Fortunately, there was no metastasis into the liver, lungs or lymph nodes.

“At the end, there were no visible signs of cancer except two small lesions on my liver, but not in it.”

Pickett started her series of chemo treatments on her 50th birthday, six rounds of it, once every three weeks. 

“I lost my hair, eyebrows and eyelashes.”

She suffered, “significantly,” she says, from neuropathy nerve damage resulting in numbness, tingling, muscle weakness and pain.

At one point, she thought the chemo was going to kill her.

Soon she realized that if she was going to live, and she was, “I need to know what I’m fighting.”

This is the part where she gets emotional.

“I got in touch with Ovarian Cancer Canada,” she says, her voice breaking. After a pause to calm herself, she continues. “They were a key part of my transformation from somebody who was just getting through it to somebody who was not just surviving but thriving. They helped me find my voice, encouraged me and empowered me.”

Pickett, in turn, began advocating for the organization, helping to get the word out to women to watch for signs of the disease and, especially, for research funding for ovarian cancer.

“It’s killing women and it’s not getting better.”

The year Pickett was diagnosed, she was one of 2,700 Canadian women diagnosed with the disease. It’s since climbed to 3,100 a year. Only one in three live five years beyond the diagnosis, according to Hirte.

“How can we change the outcome if we don’t change the treatment?” Pickett wonders.

She is correct in noting that the first-line chemo treatment for ovarian cancer — carboplatin and paclitaxel — hasn’t changed much in many decades.

Carboplatin, a platinum drug, was licensed for use in the late ’70s and aclitaxel (brand name taxol) was first isolated in 1971 from the Pacific yew tree and approved for medical use in 1993.

“The standard chemo really hasn’t changed in the past 20, 30 or 40 years,” acknowledges Dr.
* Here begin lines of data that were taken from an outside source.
(* There exist absolute constants $c>0$, $K\ge1$ and $m_0$ such that for every $m\ge m_0$ and every $\epsilon\in\big(2\log m/m^{1/20},\,1\big)$ there is a set system $(U,\mathcal{S})$ with $|\mathcal{S}|=m$ sets covering $U$ and $|U|\le(\log m/\epsilon)^{K}$, such that for every $\epsilon$-differentially private algorithm $M$ that maps each private set $R\subseteq U$ to a (random) assignment $f:U\to\mathcal{S}$ with $e\in f(e)$ for all $e\in U$, there is a nonempty $R\subseteq U$ with $\mathbb{E}\big[|\{f(e):e\in R\}|\big]\ge c\,\frac{\log m}{\epsilon}\,\mathrm{OPT}(R)$, where $f=M(R)$.
   Context: $M$ is $\epsilon$-differentially private if for all $R,R'\subseteq U$ with symmetric difference of size one and all sets $\mathcal{O}$ of outputs, $\Pr[M(R)\in\mathcal{O}]\le e^{\epsilon}\Pr[M(R')\in\mathcal{O}]$. $\mathrm{OPT}(R)$ is the minimum number of sets of $\mathcal{S}$ covering $R$. *)

theory Defs
  imports "HOL-Probability.Probability"
begin

definition OPT :: "'a set set \<Rightarrow> 'a set \<Rightarrow> nat" where
  "OPT S R = Min {card C | C. C \<subseteq> S \<and> R \<subseteq> \<Union>C}"

definition diff_private :: "real \<Rightarrow> 'a set \<Rightarrow> ('a set \<Rightarrow> 'b pmf) \<Rightarrow> bool" where
  "diff_private eps U M \<longleftrightarrow>
     (\<forall>R R' Os. R \<subseteq> U \<longrightarrow> R' \<subseteq> U \<longrightarrow> card ((R - R') \<union> (R' - R)) = 1 \<longrightarrow>
        measure_pmf.prob (M R) Os \<le> exp eps * measure_pmf.prob (M R') Os)"
lemma wt_cases:
  assumes "t \<in> coeffs" "t \<noteq> (\<lambda>p. 0)"
  shows "wt t \<in> {4 * \<rho>, 6 * \<rho>, 8 * \<rho>}"
proof (cases "nondegenerate t")
  case True
  then show ?thesis by (simp add: wt_nondegenerate)
next
  case False
  have "wt t \<noteq> 0" using eq_zero_if_wt_eq_zero assms by blast
  then show ?thesis using wt_degenerate[OF False] by auto
qed

lemma weight_class_degenerate:
  assumes "n \<in> {1, 2}"
  shows "{t \<in> coeffs. t \<noteq> (\<lambda>p. 0) \<and> wt t = 4 * \<rho> * n} =
    (\<lambda>(a, c). degenerate_coeffs a c) ` {(a, c). of_bool (c \<noteq> 0) + of_bool (c + a \<noteq> 0) = n}"
proof
  show "{t \<in> coeffs. t \<noteq> (\<lambda>p. 0) \<and> wt t = 4 * \<rho> * n} \<subseteq>
      (\<lambda>(a, c). degenerate_coeffs a c) ` {(a, c). of_bool (c \<noteq> 0) + of_bool (c + a \<noteq> 0) = n}"
  proof clarify
    fix t assume t: "t \<in> coeffs" "wt t = 4 * \<rho> * n"
    then have "\<not> nondegenerate t"
      using wt_nondegenerate \<rho>_pos assms by auto
    then show "t \<in> (\<lambda>(a, c). degenerate_coeffs a c) ` {(a, c). of_bool (c \<noteq> 0) + of_bool (c + a \<noteq> 0) = n}"
      using degenerate_eq_degenerate_coeffs[OF t(1)] wt_degenerate t(2) \<rho>_pos
      by (intro image_eqI[of _ _ "(t (0, j), t (2, j))"]) (auto simp: add.commute)
  qed
  show "(\<lambda>(a, c). degenerate_coeffs a c) ` {(a, c). of_bool (c \<noteq> 0) + of_bool (c + a \<noteq> 0) = n} \<subseteq>
      {t \<in> coeffs. t \<noteq> (\<lambda>p. 0) \<and> wt t = 4 * \<rho> * n}"
  proof
    fix t assume "t \<in> (\<lambda>(a, c). degenerate_coeffs a c) `
        {(a, c). of_bool (c \<noteq> 0) + of_bool (c + a \<noteq> 0) = n}"
    then obtain a c where t: "t = degenerate_coeffs a c"
      and n: "of_bool (c \<noteq> 0) + of_bool (c + a \<noteq> 0) = n" by auto
    then have "wt t = 4 * \<rho> * n"
      by (simp add: wt_degenerate_coeffs)
    moreover have "wt (\<lambda>p. 0) = 0" by (simp add: hweight_def)
    ultimately show "t \<in> {t \<in> coeffs. t \<noteq> (\<lambda>p. 0) \<and> wt t = 4 * \<rho> * n}"
      using degenerate_coeffs_mem t assms \<rho>_pos by auto
  qed
qed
Hirte. “There’s been a change in terms of surgical management, because aggressive surgery does help to improve the outcome.”

Another important advance, he says, are the PARP inhibitor drugs — olaparib one of the most commonly used — which are especially effective in women with BRCA gene mutations.

It’s also used to treat some women who have had a recurrence of ovarian cancer.

Pickett’s first recurrence came in 2018, almost four years to the day after her surgery. She was treated again with the chemotherapy regime of carboplatin  and paclitaxel. When the cancer came back a second time in March 2020, treatment was delayed until July when she received radiation. This year, she’s had more radiation and more chemotherapy. 

“I will live with this for the rest of my life and I’m okay with that,” Pickett says. “I’ve lived with it for seven and a half years and I’ve learned that I can live with it — and I can live with it really well.”

She has also learned, she says, “to be an advocate for myself, to not give away my power.”

The hardest lesson of all? Forgiving herself.

“I have learned to forgive myself for not advocating for myself when I felt the symptoms, for not knowing more. But I didn’t know more and that’s okay. There’s no point in regret.

“But oh my gosh, know yourself, know the symptoms and if something worries you, it’s worth paying attention to and don’t let anybody tell you differently.”